Not all department store pies are bargains, but the Welsh lamb shank pie in the Gallery restaurant at Fortnum & Mason (181 Piccadilly, London; +44 20.7734.8040; www.fortnumandmason.com) justifies its £19.50 price tag ($24). Deeply savory and encased in a delicate puff pastry crust, it is a very civilized way to partake of what is basically a workingman’s dish. You get to sit at a real table with linens and metal cutlery, after all.

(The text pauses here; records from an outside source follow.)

(* Let $f:(0,\infty)\to\mathbb{R}$ be a convex function with $f(1)=0$, and assume that the function $g:(0,\infty)\to\mathbb{R}$ defined by $g(t)=-t f(t)$ is also convex. Let $P$ and $Q$ be two probability distributions on a finite set $\mathcal{A}$ that are positive on $\mathcal{A}$. Then $$\min_{x\in\mathcal{A}}\frac{P(x)}{Q(x)}\cdot D_f(P\|Q)\;\le\; -D_g(P\|Q)-f\bigl(1+\chi^2(P,Q)\bigr)\;\le\;\max_{x\in\mathcal{A}}\frac{P(x)}{Q(x)}\cdot D_f(P\|Q).$$
   Context: For a function $h:(0,\infty)\to\mathbb{R}$ and positive probability distributions $P,Q$ on a finite set $\mathcal{A}$, $D_h(P\|Q)=\sum_{x\in\mathcal{A}}Q(x)\,h\!\left(\frac{P(x)}{Q(x)}\right)$ (the $h$-divergence). The chi-squared divergence is $\chi^2(P,Q)=\sum_{x\in\mathcal{A}}\frac{(P(x)-Q(x))^2}{Q(x)}=\sum_{x\in\mathcal{A}}\frac{P(x)^2}{Q(x)}-1$. *)

theory Defs
  imports "HOL-Analysis.Analysis"
begin

definition hdiv :: "(real \<Rightarrow> real) \<Rightarrow> 'a set \<Rightarrow> ('a \<Rightarrow> real) \<Rightarrow> ('a \<Rightarrow> real) \<Rightarrow> real" where
  "hdiv h A P Q = (\<Sum>x\<in>A. Q x * h (P x / Q x))"

definition chi2 :: "'a set \<Rightarrow> ('a \<Rightarrow> real) \<Rightarrow> ('a \<Rightarrow> real) \<Rightarrow> real" where
  "chi2 A P Q = (\<Sum>x\<in>A. (P x - Q x)^2 / Q x)"

end

theory Submission
  imports Defs
begin

text \<open>Write \<open>r = P/Q\<close>. Since \<open>g(t) = -t f(t)\<close>, the middle term is the Jensen gap
\<open>E\<^sub>P[f(r)] - f(E\<^sub>P[r])\<close>, because \<open>E\<^sub>P[r] = 1 + \<chi>\<^sup>2(P,Q)\<close>. Take a supporting line
\<open>f c + s (y - c)\<close> of \<open>f\<close> and let \<open>e \<ge> 0\<close> be the excess of \<open>f\<close> over it. Then
\<open>min r \<cdot> E\<^sub>Q[e(r)] \<le> E\<^sub>P[e(r)] \<le> max r \<cdot> E\<^sub>Q[e(r)]\<close>. Choosing \<open>c = E\<^sub>P[r]\<close> makes
\<open>E\<^sub>P[e(r)]\<close> the Jensen gap and \<open>E\<^sub>Q[e(r)] \<ge> D\<^sub>f(P\<parallel>Q)\<close>; choosing \<open>c = 1\<close> makes
\<open>E\<^sub>Q[e(r)] = D\<^sub>f(P\<parallel>Q)\<close> and \<open>E\<^sub>P[e(r)]\<close> an upper bound for the gap.\<close>

lemma convex_on_supporting_line:
  fixes f :: "real \<Rightarrow> real"
  assumes f: "convex_on I f" and c: "c \<in> interior I"
  obtains s where "\<And>y. y \<in> I \<Longrightarrow> f c + s * (y - c) \<le> f y"
proof -
  have slopes_le: "(f c - f a) / (c - a) \<le> (f b - f c) / (b - c)"
    if "a \<in> I" "b \<in> I" "a < c" "c < b" for a b
  proof -
    have "(f a - f c) / (a - c) \<le> (f c - f b) / (c - b)"
      using convex_on_slope_le[OF f \<open>a \<in> I\<close> \<open>b \<in> I\<close>, of c] that by linarith
    then show ?thesis
      by (metis minus_diff_eq minus_divide_divide)
  qed
  obtain e where "e > 0" and ball: "ball c e \<subseteq> I"
    using c by (auto simp: mem_interior)
  define a0 b0 where "a0 = c - e / 2" and "b0 = c + e / 2"
  have a0: "a0 \<in> I" "a0 < c" and b0: "b0 \<in> I" "c < b0"
    using ball \<open>e > 0\<close> by (auto simp: a0_def b0_def dist_real_def)
  define S where "S = (\<lambda>a. (f c - f a) / (c - a)) ` {a\<in>I. a < c}"
  have "S \<noteq> {}"
    using a0 by (auto simp: S_def)
  have "bdd_above S"
    using slopes_le b0 by (auto simp: S_def bdd_above_def)
  have left: "(f c - f a) / (c - a) \<le> Sup S" if "a \<in> I" "a < c" for a
    using \<open>bdd_above S\<close> that by (auto intro!: cSup_upper simp: S_def)
  have right: "Sup S \<le> (f b - f c) / (b - c)" if "b \<in> I" "c < b" for b
    using \<open>S \<noteq> {}\<close> slopes_le that by (auto intro!: cSup_least simp: S_def)
  show ?thesis
  proof (rule that[of "Sup S"])
    fix y assume "y \<in> I"
    consider "y < c" | "y = c" | "c < y" by linarith
    then show "f c + Sup S * (y - c) \<le> f y"
    proof cases
      case 1
      with left[OF \<open>y \<in> I\<close>] show ?thesis
        by (simp add: divide_le_eq algebra_simps)
    next
      case 3
      with right[OF \<open>y \<in> I\<close>] show ?thesis
        by (simp add: le_divide_eq algebra_simps)
    qed simp
  qed
qed

definition jensen_gap :: "(real \<Rightarrow> real) \<Rightarrow> 'a set \<Rightarrow> ('a \<Rightarrow> real) \<Rightarrow> ('a \<Rightarrow> real) \<Rightarrow> real" where
  "jensen_gap f A P Q = (\<Sum>x\<in>A. P x * f (P x / Q x)) - f (\<Sum>x\<in>A. P x * (P x / Q x))"

lemma sum_supporting_line_excess:
  fixes f :: "real \<Rightarrow> real" and c s :: real and P Q :: "'a \<Rightarrow> real"
  assumes Q: "\<And>x. x \<in> A \<Longrightarrow> Q x \<noteq> 0"
    and Psum: "(\<Sum>x\<in>A. P x) = 1" and Qsum: "(\<Sum>x\<in>A. Q x) = 1"
  defines "e \<equiv> \<lambda>x. f (P x / Q x) - f c - s * (P x / Q x - c)"
  shows "(\<Sum>x\<in>A. Q x * e x) = hdiv f A P Q - f c - s * (1 - c)"
    and "(\<Sum>x\<in>A. P x * e x)
      = (\<Sum>x\<in>A. P x * f (P x / Q x)) - f c - s * ((\<Sum>x\<in>A. P x * (P x / Q x)) - c)"
proof -
  have "(\<Sum>x\<in>A. Q x * e x) = (\<Sum>x\<in>A. Q x * f (P x / Q x) - f c * Q x - s * (P x - c * Q x))"
    using Q by (intro sum.cong) (auto simp: e_def algebra_simps)
  then show "(\<Sum>x\<in>A. Q x * e x) = hdiv f A P Q - f c - s * (1 - c)"
    by (simp add: hdiv_def sum_subtractf sum_distrib_left[symmetric] Psum Qsum)
  have "(\<Sum>x\<in>A. P x * e x)
      = (\<Sum>x\<in>A. P x * f (P x / Q x) - f c * P x - s * (P x * (P x / Q x) - c * P x))"
    by (intro sum.cong) (auto simp: e_def algebra_simps)
  then show "(\<Sum>x\<in>A. P x * e x)
      = (\<Sum>x\<in>A. P x * f (P x / Q x)) - f c - s * ((\<Sum>x\<in>A. P x * (P x / Q x)) - c)"
    by (simp add: sum_subtractf sum_distrib_left[symmetric] Psum)
qed

context
  fixes f :: "real \<Rightarrow> real" and A :: "'a set" and P Q :: "'a \<Rightarrow> real"
  assumes f_convex: "convex_on {0<..} f" and f1: "f 1 = 0"
    and Ppos: "\<And>x. x \<in> A \<Longrightarrow> P x > 0" and Qpos: "\<And>x. x \<in> A \<Longrightarrow> Q x > 0"
    and Psum: "(\<Sum>x\<in>A. P x) = 1" and Qsum: "(\<Sum>x\<in>A. Q x) = 1"
begin

private lemma supporting_line:
  assumes "c > 0"
  obtains s where "\<And>y. y > 0 \<Longrightarrow> f c + s * (y - c) \<le> f y"
  using convex_on_supporting_line[OF f_convex, of c] assms by (auto simp: interior_open)

private lemma Q_nonzero: "x \<in> A \<Longrightarrow> Q x \<noteq> 0"
  using Qpos by force

private lemmas excess_sums = sum_supporting_line_excess[where f=f, OF Q_nonzero Psum Qsum]

private lemma mean_ratio_pos: "(\<Sum>x\<in>A. P x * (P x / Q x)) > 0"
proof -
  have "A \<noteq> {}" "finite A"
    using Psum by (auto intro: ccontr)
  then show ?thesis
    using Ppos Qpos by (intro sum_pos) auto
qed

lemma min_ratio_mult_hdiv_le_jensen_gap:
  assumes "0 \<le> m" and m: "\<And>x. x \<in> A \<Longrightarrow> m \<le> P x / Q x"
  shows "m * hdiv f A P Q \<le> jensen_gap f A P Q"
proof -
  define \<mu> where "\<mu> = (\<Sum>x\<in>A. P x * (P x / Q x))"
  obtain s where s: "\<And>y. y > 0 \<Longrightarrow> f \<mu> + s * (y - \<mu>) \<le> f y"
    using supporting_line mean_ratio_pos unfolding \<mu>_def by blast
  have excess: "0 \<le> f (P x / Q x) - f \<mu> - s * (P x / Q x - \<mu>)" if "x \<in> A" for x
    using s[of "P x / Q x"] Ppos[OF that] Qpos[OF that] by simp
  have below_1: "f \<mu> + s * (1 - \<mu>) \<le> 0"
    using s[of 1] f1 by simp
  have "m * hdiv f A P Q \<le> m * (hdiv f A P Q - f \<mu> - s * (1 - \<mu>))"
    using below_1 \<open>0 \<le> m\<close> by (intro mult_left_mono) auto
  also have "\<dots> = m * (\<Sum>x\<in>A. Q x * (f (P x / Q x) - f \<mu> - s * (P x / Q x - \<mu>)))"
    by (simp add: excess_sums(1))
  also have "\<dots> \<le> (\<Sum>x\<in>A. P x * (f (P x / Q x) - f \<mu> - s * (P x / Q x - \<mu>)))"
    using excess m Qpos unfolding sum_distrib_left mult.assoc[symmetric]
    by (intro sum_mono mult_right_mono) (auto simp: pos_le_divide_eq)
  also have "\<dots> = jensen_gap f A P Q"
    by (simp add: excess_sums(2) jensen_gap_def \<mu>_def)
  finally show ?thesis .
qed

lemma jensen_gap_le_max_ratio_mult_hdiv:
  assumes M: "\<And>x. x \<in> A \<Longrightarrow> P x / Q x \<le> M"
  shows "jensen_gap f A P Q \<le> M * hdiv f A P Q"
proof -
  define \<mu> where "\<mu> = (\<Sum>x\<in>A. P x * (P x / Q x))"
  obtain s where s: "\<And>y. y > 0 \<Longrightarrow> f 1 + s * (y - 1) \<le> f y"
    using supporting_line[OF zero_less_one] by blast
  have excess: "0 \<le> f (P x / Q x) - f 1 - s * (P x / Q x - 1)" if "x \<in> A" for x
    using s[of "P x / Q x"] Ppos[OF that] Qpos[OF that] by simp
  have "jensen_gap f A P Q \<le> (\<Sum>x\<in>A. P x * f (P x / Q x)) - f 1 - s * (\<mu> - 1)"
    using s[of \<mu>] mean_ratio_pos by (simp add: jensen_gap_def \<mu>_def)
  also have "\<dots> = (\<Sum>x\<in>A. P x * (f (P x / Q x) - f 1 - s * (P x / Q x - 1)))"
    by (simp add: excess_sums(2) \<mu>_def)
  also have "\<dots> \<le> M * (\<Sum>x\<in>A. Q x * (f (P x / Q x) - f 1 - s * (P x / Q x - 1)))"
    using excess M Qpos unfolding sum_distrib_left mult.assoc[symmetric]
    by (intro sum_mono mult_right_mono) (auto simp: pos_divide_le_eq)
  also have "\<dots> = M * hdiv f A P Q"
    using excess_sums(1)[where c=1 and s=s] f1 by simp
  finally show ?thesis .
qed

end

lemma hdiv_neg_mult_eq:
  fixes f g :: "real \<Rightarrow> real" and P Q :: "'a \<Rightarrow> real"
  assumes "\<And>t. t > 0 \<Longrightarrow> g t = - t * f t"
    and "\<And>x. x \<in> A \<Longrightarrow> P x > 0" and "\<And>x. x \<in> A \<Longrightarrow> Q x > 0"
  shows "hdiv g A P Q = - (\<Sum>x\<in>A. P x * f (P x / Q x))"
proof -
  have "Q x * g (P x / Q x) = - (P x * f (P x / Q x))" if "x \<in> A" for x
    using assms(1)[of "P x / Q x"] assms(2,3)[OF that] by simp
  then show ?thesis
    unfolding hdiv_def sum_negf[symmetric] by (intro sum.cong) auto
qed

lemma chi2_eq_sum_sq_div:
  fixes P Q :: "'a \<Rightarrow> real"
  assumes "\<And>x. x \<in> A \<Longrightarrow> Q x \<noteq> 0"
    and "(\<Sum>x\<in>A. P x) = 1" and "(\<Sum>x\<in>A. Q x) = 1"
  shows "chi2 A P Q = (\<Sum>x\<in>A. P x ^ 2 / Q x) - 1"
proof -
  have "chi2 A P Q = (\<Sum>x\<in>A. P x ^ 2 / Q x - 2 * P x + Q x)"
    unfolding chi2_def using assms(1) by (intro sum.cong) (auto simp: field_simps power2_eq_square)
  also have "\<dots> = (\<Sum>x\<in>A. P x ^ 2 / Q x) - 1"
    using assms(2,3) by (simp add: sum.distrib sum_subtractf sum_distrib_left[symmetric])
  finally show ?thesis .
qed

theorem proposition5:
  fixes f g :: "real \<Rightarrow> real" and A :: "'a set" and P Q :: "'a \<Rightarrow> real"
  assumes f_convex: "convex_on {0<..} f"
    and f1: "f 1 = 0"
    and g_def: "\<And>t. t > 0 \<Longrightarrow> g t = - t * f t"
    and g_convex: "convex_on {0<..} g"
    and finA: "finite A" and neA: "A \<noteq> {}"
    and Ppos: "\<And>x. x \<in> A \<Longrightarrow> P x > 0"
    and Qpos: "\<And>x. x \<in> A \<Longrightarrow> Q x > 0"
    and Psum: "(\<Sum>x\<in>A. P x) = 1"
    and Qsum: "(\<Sum>x\<in>A. Q x) = 1"
  shows "(MIN x\<in>A. P x / Q x) * hdiv f A P Q \<le> - hdiv g A P Q - f (1 + chi2 A P Q)
       \<and> - hdiv g A P Q - f (1 + chi2 A P Q) \<le> (MAX x\<in>A. P x / Q x) * hdiv f A P Q"
proof -
  have "1 + chi2 A P Q = (\<Sum>x\<in>A. P x * (P x / Q x))"
    using chi2_eq_sum_sq_div[of A Q P] Qpos Psum Qsum by (force simp: power2_eq_square)
  then have gap: "- hdiv g A P Q - f (1 + chi2 A P Q) = jensen_gap f A P Q"
    using hdiv_neg_mult_eq[where A=A, OF g_def Ppos Qpos] by (simp add: jensen_gap_def)
  have "0 \<le> (MIN x\<in>A. P x / Q x)"
    using finA neA Ppos Qpos by (auto intro: less_imp_le)
  moreover have "x \<in> A \<Longrightarrow> (MIN x\<in>A. P x / Q x) \<le> P x / Q x"
     and "x \<in> A \<Longrightarrow> P x / Q x \<le> (MAX x\<in>A. P x / Q x)" for x
    using finA by auto
  ultimately show ?thesis
    unfolding gap
    using min_ratio_mult_hdiv_le_jensen_gap[OF f_convex f1 Ppos Qpos Psum Qsum]
      jensen_gap_le_max_ratio_mult_hdiv[OF f_convex f1 Ppos Qpos Psum Qsum]
    by blast
qed

end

eating in London pubFor a superb compromise between a humble pie and an exalted one, it’s hard to beat the Coal Hole (91-92 Strand, +44 20.7379.9883, nicholsonspubs.co.uk). This classic high street Victorian pub boasts a serious kitchen and a cellar full of cask ales. In the last year, Coal Hole has embraced a new culinary identity as a “speciality pie house.” That means the kitchen downstairs in the old coal cellar bakes a variety of meat pies, most of them selling for £12.75 to £13.95 ($15-$17). On my last visit, I enjoyed a beef and ale pie and a pint of ale. That’s another good thing about British gastronomy: a “pint” is 20 fluid ounces.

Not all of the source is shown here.